Ceria‐Optimized Oxygen‐Species Exchange in Hierarchical Bimetallic Hydroxide for Electrocatalytic Water Oxidation

Abstract

Abstract The utilization of rare earth elements to regulate the interaction between catalysts and oxygen‐containing species holds promising prospects in the field of oxygen electrocatalysis. Through structural engineering and adsorption regulation, it is possible to achieve high‐performance catalytic sites with a broken activity‐stability tradeoff. Herein, this work fabricates a hierarchical CeO 2 /NiCo hydroxide for electrocatalytic oxygen evolution reaction (OER). This material exhibits superior overpotentials and enhanced stability.

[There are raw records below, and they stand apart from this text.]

(* Let $\Psi$ be an essentially single-valued, rent monotone, Pareto indifferent selection from the envy-free set. Let $u\in\mathcal{B}^N$, $m\in\mathbb{R}$, $(r,\sigma)\in\Psi(N,A,u,m)$, and let $\mu$ be a minimum weight perfect matching in $\mathcal{F}^u_\kappa(r)$. Then there is $\varepsilon>0$ such that for each $\delta\in[0,\varepsilon]$ there is $(r^\delta,\mu)\in\Psi(N,A,u,m+\delta)$.
   Context: Fix a finite set $\{\rho_1,\dots,\rho_k\}\subseteq\mathbb{R}_+$ with $\rho_1=0$. $N=\{1,\dots,n\}$ agents, $A$ a set of $n$ rooms. $\mathcal{B}$ is the set of utility functions $u_i(r_a,a)=v^i_a-r_a-\rho_i\max\{0,r_a-b_i\}$ with $v^i\in\mathbb{R}^A$, $b_i\ge0$, $\rho_i\in\{\rho_1,\dots,\rho_k\}$. An allocation for $(N,A,u,m)$ is $(r,\sigma)$ with $\sigma:N\to A$ a bijection, $r\in\mathbb{R}^A$, $\sum_ar_a=m$; envy-free means $u_i(r_{\sigma(i)},\sigma(i))\ge u_i(r_{\sigma(j)},\sigma(j))$ for all $i,j$; $F(N,A,u,m)$ is the set of envy-free allocations. A selection $\Psi$ assigns to each economy $(N,A,u,m)$ a subset $\Psi(N,A,u,m)\subseteq F(N,A,u,m)$. It is essentially single-valued if each agent is indifferent between any two allocations in $\Psi(N,A,u,m)$; rent monotone if (being essentially single-valued) for each $i$ the utility $u_i(r_{\sigma(i)},\sigma(i))$ at $(r,\sigma)\in\Psi(N,A,u,m)$ is strictly decreasing in $m$; Pareto indifferent if whenever $(r,\sigma)\in\Psi(N,A,u,m)$ and $(t,\mu)$ is an allocation with $u_i(t_{\mu(i)},\mu(i))=u_i(r_{\sigma(i)},\sigma(i))$ for all $i$, then $(t,\mu)\in\Psi(N,A,u,m)$. $\kappa_{ia}(u,r)=1+\rho_i$ if $r_a\ge b_i$ and $1$ otherwise (absolute marginal disutility of an increase of rent of room $a$). For $r$ with some envy-free $(r,\sigma)$, $\mathcal{F}(r)$ is the bipartite graph on $N\cup A$ with edge $(i,a)$ iff $u_i(r_{\sigma(i)},\sigma(i))=u_i(r_a,a)$, and $\mathcal{F}^u_\kappa(r)$ has weights $w(i,a)=\log\kappa_{ia}(u,r)$; a minimum weight perfect matching is a bijection $\mu:N\to A$ using only edges of $\mathcal{F}(r)$ minimizing $\sum_iw(i,\mu(i))$ among such. *)

theory Defs
  imports Complex_Main
begin

text \<open>Agents are the elements of a finite type 'n, rooms the elements of a finite
type 'a (with equally many elements). A utility profile is
u :: 'n => real => 'a => real, where u i x a is agent i's utility for room a at rent x.\<close>

type_synonym ('n,'a) profile = "'n \<Rightarrow> real \<Rightarrow> 'a \<Rightarrow> real"
type_synonym ('n,'a) alloc = "('a \<Rightarrow> real) \<times> ('n \<Rightarrow> 'a)"

definition qlu :: "('n \<Rightarrow> 'a \<Rightarrow> real) \<Rightarrow> ('n \<Rightarrow> real) \<Rightarrow> ('n \<Rightarrow> real) \<Rightarrow> ('n,'a) profile" where
  "qlu v b \<rho> = (\<lambda>i x a. v i a - x - \<rho> i * max 0 (x - b i))"

text \<open>The domain B^N of utility profiles, for the fixed finite set P of penalty rates.\<close>
definition profiles_B :: "real set \<Rightarrow> ('n,'a) profile set" where
  "profiles_B P = {u. \<exists>v b \<rho>. (\<forall>i. b i \<ge> 0 \<and> \<rho> i \<in> P) \<and> u = qlu v b \<rho>}"

definition is_alloc :: "real \<Rightarrow> ('n,'a) alloc \<Rightarrow> bool" where
  "is_alloc m al \<longleftrightarrow> bij (snd al) \<and> (\<Sum>a\<in>UNIV. fst al a) = m"

definition util :: "('n,'a) profile \<Rightarrow> ('n,'a) alloc \<Rightarrow> 'n \<Rightarrow> real" where
  "util u al i = u i (fst al (snd al i)) (snd al i)"

definition envy_free :: "('n,'a) profile \<Rightarrow> real \<Rightarrow> ('n,'a) alloc \<Rightarrow> bool" where
  "envy_free u m al \<longleftrightarrow> is_alloc m al \<and>
     (\<forall>i j. u i (fst al (snd al i)) (snd al i) \<ge> u i (fst al (snd al j)) (snd al j))"

definition EF :: "('n,'a) profile \<Rightarrow> real \<Rightarrow> ('n,'a) alloc set" where
  "EF u m = {al. envy_free u m al}"

definition selection :: "real set \<Rightarrow> (('n::finite,'a::finite) profile \<Rightarrow> real \<Rightarrow> ('n,'a) alloc set) \<Rightarrow> bool" where
  "selection P \<Psi> \<longleftrightarrow> (\<forall>u\<in>profiles_B P. \<forall>m. \<Psi> u m \<subseteq> EF u m \<and> \<Psi> u m \<noteq> {})"

definition ess_single_valued :: "real set \<Rightarrow> (('n,'a) profile \<Rightarrow> real \<Rightarrow> ('n,'a) alloc set) \<Rightarrow> bool" where
  "ess_single_valued P \<Psi> \<longleftrightarrow> (\<forall>u\<in>profiles_B P. \<forall>m. \<forall>al\<in>\<Psi> u m. \<forall>al'\<in>\<Psi> u m.
      \<forall>i. util u al i = util u al' i)"
section \<open>Circulations on cubes\<close>

lemma circulation_subset: "is_circulation T C \<Longrightarrow> openin T V \<Longrightarrow> C V \<subseteq> V \<times> V"
  unfolding is_circulation_def by blast

lemma circulation_Union: "is_circulation T C \<Longrightarrow> (\<And>V. V \<in> Ws \<Longrightarrow> openin T V) \<Longrightarrow>
   C (\<Union>Ws) = Id_on (\<Union>Ws) \<union> (\<Union>V\<in>Ws. C V)\<^sup>+"
  unfolding is_circulation_def pclosure_def by blast

text \<open>Circulations are monotone in the open set (apply the union axiom to \<open>{V, W}\<close>).\<close>
lemma circulation_mono:
  assumes C: "is_circulation T C" and "openin T V" "openin T W" "V \<subseteq> W"
  shows "C V \<subseteq> C W"
proof -
  have "C (\<Union>{V, W}) = Id_on (\<Union>{V, W}) \<union> (\<Union>U\<in>{V, W}. C U)\<^sup>+"
    by (rule circulation_Union[OF C]) (use assms in auto)
  moreover have "\<Union>{V, W} = W" using \<open>V \<subseteq> W\<close> by auto
  ultimately have "C W = Id_on W \<union> (C V \<union> C W)\<^sup>+" by simp
  then show ?thesis by auto
qed

lemma admissible_circulation_le:
  assumes C: "is_circulation (cube_top n) C"
    and proj: "\<forall>i<n. stream_map (cube_top n) C I_top I_circ (\<lambda>t. t i)"
    and W: "openin (cube_top n) W" and st: "(s, t) \<in> C W"
  shows "s i \<le> t i"
proof -
  have Wc: "W \<subseteq> cube n" using openin_subset[OF W] by simp
  with st circulation_subset[OF C W] have sc: "s \<in> cube n" and tc: "t \<in> cube n" by auto
  show ?thesis
  proof (cases "i < n")
    case True
    have "C W \<subseteq> C (cube n)"
      by (rule circulation_mono[OF C W]) (use Wc openin_topspace[of "cube_top n"] in auto)
    moreover have "{z \<in> topspace (cube_top n). z i \<in> {0..1}} = cube n"
      using True by (auto simp: cube_def)
    ultimately have st': "(s, t) \<in> C {z \<in> topspace (cube_top n). z i \<in> {0..1}}"
      using st by auto
    have "openin I_top {0..1}"
      unfolding I_top_def using openin_topspace[of "top_of_set {0..1::real}"] by simp
    with proj True st' have "(s i, t i) \<in> I_circ {0..1}"
      unfolding stream_map_def by blast
    then show ?thesis by (simp add: I_circ_def)
  next
    case False
    then show ?thesis using sc tc by (simp add: cube_def)
  qed
qed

Multiple potential‐dependent experiments reveal that CeO 2 promotes oxygen‐species exchange, especially OH − ions, between catalyst and environment, thereby optimizing the redox transformation of hydroxide and the adsorption of oxygen‐containing intermediates during OER. This is attributed to the reduction in the adsorption energy barrier of Ni to *OH facilitated by CeO 2 , particularly the near‐interfacial Ni sites. The less‐damaging adsorbate evolution mechanism and the CeO 2 hierarchical shell significantly enhance the structural robustness, leading to exceptional stability. Additionally, the observed “self‐healing” phenomenon provides further substantiation for the accelerated oxygen exchange. This work provides a neat strategy for the synthesis of ceria‐based complex hollow electrocatalysts, as well as an in‐depth insight into the co‐catalytic role of CeO 2 in terms of oxygen transfer.